Endocannabinoids acting as retrograde signaling molecules, is an emerging field of study. The endocannabinoid system consists of enzymes and proteins necessary for the synthesis, transport, and degradation of 2-AG or anandamide (Johnston et al., 2008). In many brain regions, endocannabinoids allow postsynaptic cells to modulate their synaptic inputs. Endocannabinoids have been shown to alter various ion channels and synaptic strength (Brenowtiz & Regehr, 2003).
CB1 and CB2 receptors have been found in several vertebrates. CB1receptors are present mainly at synapses while CB2 receptors are found mainly in the immune system (Brenowtiz & Regehr, 2003). CB1 and CB2receptors are activated by endocannabinoids. A recent study at Grinnell College was performed to test the endocannabinoid system at the crayfish neuromuscular junction (Johnston et al., 2008). CB1 receptors have been confirmed to exist in crayfish (Garcia et al., 2007). Johnston et al. (2008) found that the exposure of superficial extensor muscles in the crayfish tail to the synthetic CB1 agonist, arachidonylcyclopropylamide (ACPA) decreased the amplitudes of the EPSPs.
We built upon the findings of Johnston et al. (2008). The question we addressed was: do endocannabinoids work the same way at the crayfish neuromuscular junction as they do at other synapses? We tested this question by testing two different synthetic CB1 agonists. We used two experimental groups, each of which had their own control. The two experimental solutions contained ACPA and methanandamide (AM356), both of which were dissolved in Tocrisolve™ 100. The control solutions contained the solvent Tocrisolve™ 100.

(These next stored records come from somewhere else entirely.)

lemma exchange_pair_food_waste:
  assumes "a \<noteq> 0" "b \<noteq> 0" "a \<noteq> b" and params: "exchange_params a b x y z u"
  defines "RX \<equiv> {exchange_reaction a x b y, exchange_reaction b z a u}"
  shows "food_set RX = {x,z} - {0}" "waste_set RX = {y,u} - {0,a,b}"
proof -
  define r1 r2 where "r1 = exchange_reaction a x b y" and "r2 = exchange_reaction b z a u"
  have RX: "RX = {r1,r2}" by (simp add: RX_def r1_def r2_def)
  have "x \<notin> {a,b}" "z \<notin> {a,b}" "y \<noteq> a" "u \<noteq> b"
    "x \<noteq> 0 \<Longrightarrow> x \<notin> {y,u}" "z \<noteq> 0 \<Longrightarrow> z \<notin> {y,u}"
    using assms(3) params unfolding exchange_params_def by auto
  note distinct = this assms(1-3)
  have core_signs: "stoich a r1 < 0" "0 < stoich a r2" "0 < stoich b r1" "stoich b r2 < 0"
    using distinct by (auto simp: stoich_exchange_reaction r1_def r2_def)
  have "stoich x r1 = -1" "stoich x r2 \<le> 0" if "x \<noteq> 0"
    using that distinct by (simp_all add: stoich_exchange_reaction r1_def r2_def)
  moreover have "stoich z r2 = -1" "stoich z r1 \<le> 0" if "z \<noteq> 0"
    using that distinct by (simp_all add: stoich_exchange_reaction r1_def r2_def)
  ultimately have food_signs: "stoich s r1 \<le> 0" "stoich s r2 \<le> 0" "stoich s r1 < 0 \<or> stoich s r2 < 0"
    if "s \<in> {x,z} - {0}" for s
    using that by auto
  have waste_signs: "0 \<le> stoich s r1" "0 \<le> stoich s r2" "0 < stoich s r1 \<or> 0 < stoich s r2"
    if "s \<in> {y,u} - {0,a,b}" for s
    using that distinct by (auto simp: stoich_exchange_reaction r1_def r2_def)
  have species: "MAS_species RX = {a,b} \<union> ({x,z} - {0}) \<union> ({y,u} - {0,a,b})"
    unfolding RX_def MAS_species_exchange_pair by auto
  show "food_set RX = {x,z} - {0}"
  proof (intro set_eqI iffI)
    fix s assume "s \<in> food_set RX"
    then have s: "s \<in> MAS_species RX" "stoich s r1 \<le> 0" "stoich s r2 \<le> 0"
      by (auto simp: food_set_def RX)
    then have "s \<notin> {a,b}" "s \<notin> {y,u} - {0,a,b}"
      using core_signs waste_signs(3)[of s] by auto
    with s(1) show "s \<in> {x,z} - {0}" unfolding species by blast
  next
    fix s assume "s \<in> {x,z} - {0}"
    then show "s \<in> food_set RX" using food_signs unfolding food_set_def species by (simp add: RX)
  qed
  show "waste_set RX = {y,u} - {0,a,b}"
  proof (intro set_eqI iffI)
    fix s assume "s \<in> waste_set RX"
    then have s: "s \<in> MAS_species RX" "0 \<le> stoich s r1" "0 \<le> stoich s r2"
      by (auto simp: waste_set_def RX)
    then have "s \<notin> {a,b}" "s \<notin> {x,z} - {0}"
      using core_signs food_signs(3)[of s] by auto
    with s(1) show "s \<in> {y,u} - {0,a,b}" unfolding species by blast
  next
    fix s assume "s \<in> {y,u} - {0,a,b}"
    then show "s \<in> waste_set RX" using waste_signs unfolding waste_set_def species by (simp add: RX)
  qed
qed

lemma exchange_params_swap:
  "exchange_params a b x y z u \<longleftrightarrow> exchange_params b a z u x y"
  unfolding exchange_params_def by auto

lemma exchange_params_no_transposition:
  assumes "exchange_params a b x y z u" "exchange_params a b z y' x u'" "a \<noteq> b"
  shows "x = z"
  using assms unfolding exchange_params_def by auto

text \<open>Pairs with z = 0 and with z = x have the same food set; the waste set tells them apart.\<close>

lemma exchange_params_waste_separates:
  assumes "a < b" "exchange_params a b x y 0 u" "exchange_params a b x y' x u'"
  shows "u' \<notin> {0, a, b, y, u}"
  using assms unfolding exchange_params_def by auto
(* Let $C_0[-1,1]$ be the Banach space (sup norm) of continuous complex functions on $[-1,1]$ vanishing at $\pm1$. Let $\theta_1\colon[0,1]\to[-1,0]$ be a decreasing bijection and $\theta_2\colon[0,1]\to[0,1]$ an increasing bijection. For $t\in[0,1]$ let $\mathscr{N}_t=\{f\in C_0[-1,1]:\mathrm{supp}(f)\subseteq[\theta_1(t),\theta_2(t)]\}$ and $\mathfrak{N}=\{\mathscr{N}_t:t\in[0,1]\}$ (a maximal nest). Let $\varGamma([-1,1])$ be the group (under composition) of increasing bijections of $[-1,1]$, and for $\varphi\in\varGamma([-1,1])$ let $V_\varphi f=f\circ\varphi$ ($f\in C_0[-1,1]$). Then: (i) $\varGamma_{\theta_1,\theta_2}([-1,1]):=\{\varphi\in\varGamma([-1,1]):\theta_1^{-1}\circ\varphi\circ\theta_1=\theta_2^{-1}\circ\varphi\circ\theta_2\}$ is a subgroup of $\varGamma([-1,1])$; (ii) for $\varphi\in\varGamma([-1,1])$, $V_\varphi$ is a collineation of $\mathfrak{N}$ if and only if $\varphi\in\varGamma_{\theta_1,\theta_2}([-1,1])$, and hence $\mathcal{O}(\mathfrak{N})=\{V_\varphi:\varphi\in\varGamma_{\theta_1,\theta_2}([-1,1])\}$ is a subgroup of $\mathrm{Col}(\mathfrak{N})$; (iii) $\mathrm{Col}(\mathfrak{N})=\mathrm{Grp}(\mathrm{Alg}(\mathfrak{N}))\rtimes\mathcal{O}(\mathfrak{N})$.
   Context: $\mathrm{supp}(f)=\overline{\{x:f(x)\neq0\}}$. In (i), the condition $\theta_1^{-1}\circ\varphi\circ\theta_1=\theta_2^{-1}\circ\varphi\circ\theta_2$ is understood as an equality of maps on $[0,1]$ (in particular both sides must be defined). $\mathrm{Alg}(\mathfrak{F})$ is the set of bounded operators leaving every subspace of $\mathfrak{F}$ invariant; $\mathrm{Grp}(\mathcal{A})$ is the group of invertible $S\in\mathcal{A}$ with $S^{-1}\in\mathcal{A}$. $\mathrm{Col}(\mathfrak{F})$ is the group of invertible bounded $S$ such that for every closed subspace $\mathscr{M}$: $\mathscr{M}\in\mathfrak{F}$ iff $S\mathscr{M}\in\mathfrak{F}$. For a subgroup $\mathcal{O}\subseteq\mathrm{Col}(\mathfrak{F})$, $\mathrm{Col}(\mathfrak{F})=\mathrm{Grp}(\mathrm{Alg}(\mathfrak{F}))\rtimes\mathcal{O}$ means $\mathrm{Col}(\mathfrak{F})=\{AT:A\in\mathrm{Grp}(\mathrm{Alg}(\mathfrak{F})),T\in\mathcal{O}\}$ and $\mathrm{Grp}(\mathrm{Alg}(\mathfrak{F}))\cap\mathcal{O}=\{I\}$. *)

theory Defs
  imports "HOL-Analysis.Analysis" "HOL-Algebra.Group"
begin

text \<open>Elements of C_0[-1,1] are represented by functions real => complex that are
continuous on [-1,1], vanish at -1 and 1, and are normalised to be 0 outside [-1,1]
(so that equality of elements is plain function equality).\<close>

definition C0 :: "(real \<Rightarrow> complex) set" where
  "C0 = {f. continuous_on {-1..1} f \<and> f (-1) = 0 \<and> f 1 = 0 \<and> (\<forall>x. x \<notin> {-1..1} \<longrightarrow> f x = 0)}"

We hypothesized that just as Johnston et al. (2008) found, ACPA would decrease EPSPs. We also hypothesized that AM356 as another synthetic CB1 agonist would have a similar effect. These results would further confirm the presence of endocannabinoids at the crayfish neuromuscular junction. The results of our research confirmed that ACPA does in fact decrease EPSP amplitudes at crayfish neuromuscular junctions; however, AM356 had the opposite result. The AM356 results contradict the physiological evidence shown by the ACPA findings that the endocannabinoid signaling system works the same in crayfish as other organisms.
MATERIALS AND METHODS
After a crayfish (Procambarus clarkii from Carolina Biological Supply Company, Burlington, North Carolina) was iced for 15 minutes, we detached the tail and disposed of the body. The tail was cut along both sides anterior to posterior as ventral as possible. The tissue was removed to give proper access to the superficial extensor muscles of the crayfish tail. The prep was pinned onto a dish and covered with Ringer's solution consisting of 5.4 mM KCl, 196 mM NaCl, 2.6 mM MgCl2 · 6H2O, 10 mM Sodium Hepes Buffer and 13.5mM CaCl2 · 2H2O. The solution was brought to a pH of 7.4 directly before the beginning of lab.
Microelectrodes and Measurement
Microelectrodes were made from 1.2 mm diameter capillary glass tubing using a PUL-1 electrode puller. The electrodes were filled with a 3M KCl solution. The resistance of the electrodes ranged from 4 MΩ to more than 10 MΩ. The electrode was hooked up to a computer so that the voltage difference between the microelectrode and the reference electrode could be measured and recorded using the program Scope. A suction electrode was used to suck up a nerve on the crayfish tail. The suction electrode was connected to a stimulator, which was used to stimulate the nerve, generating an action potential in the nerve and creating EPSPs.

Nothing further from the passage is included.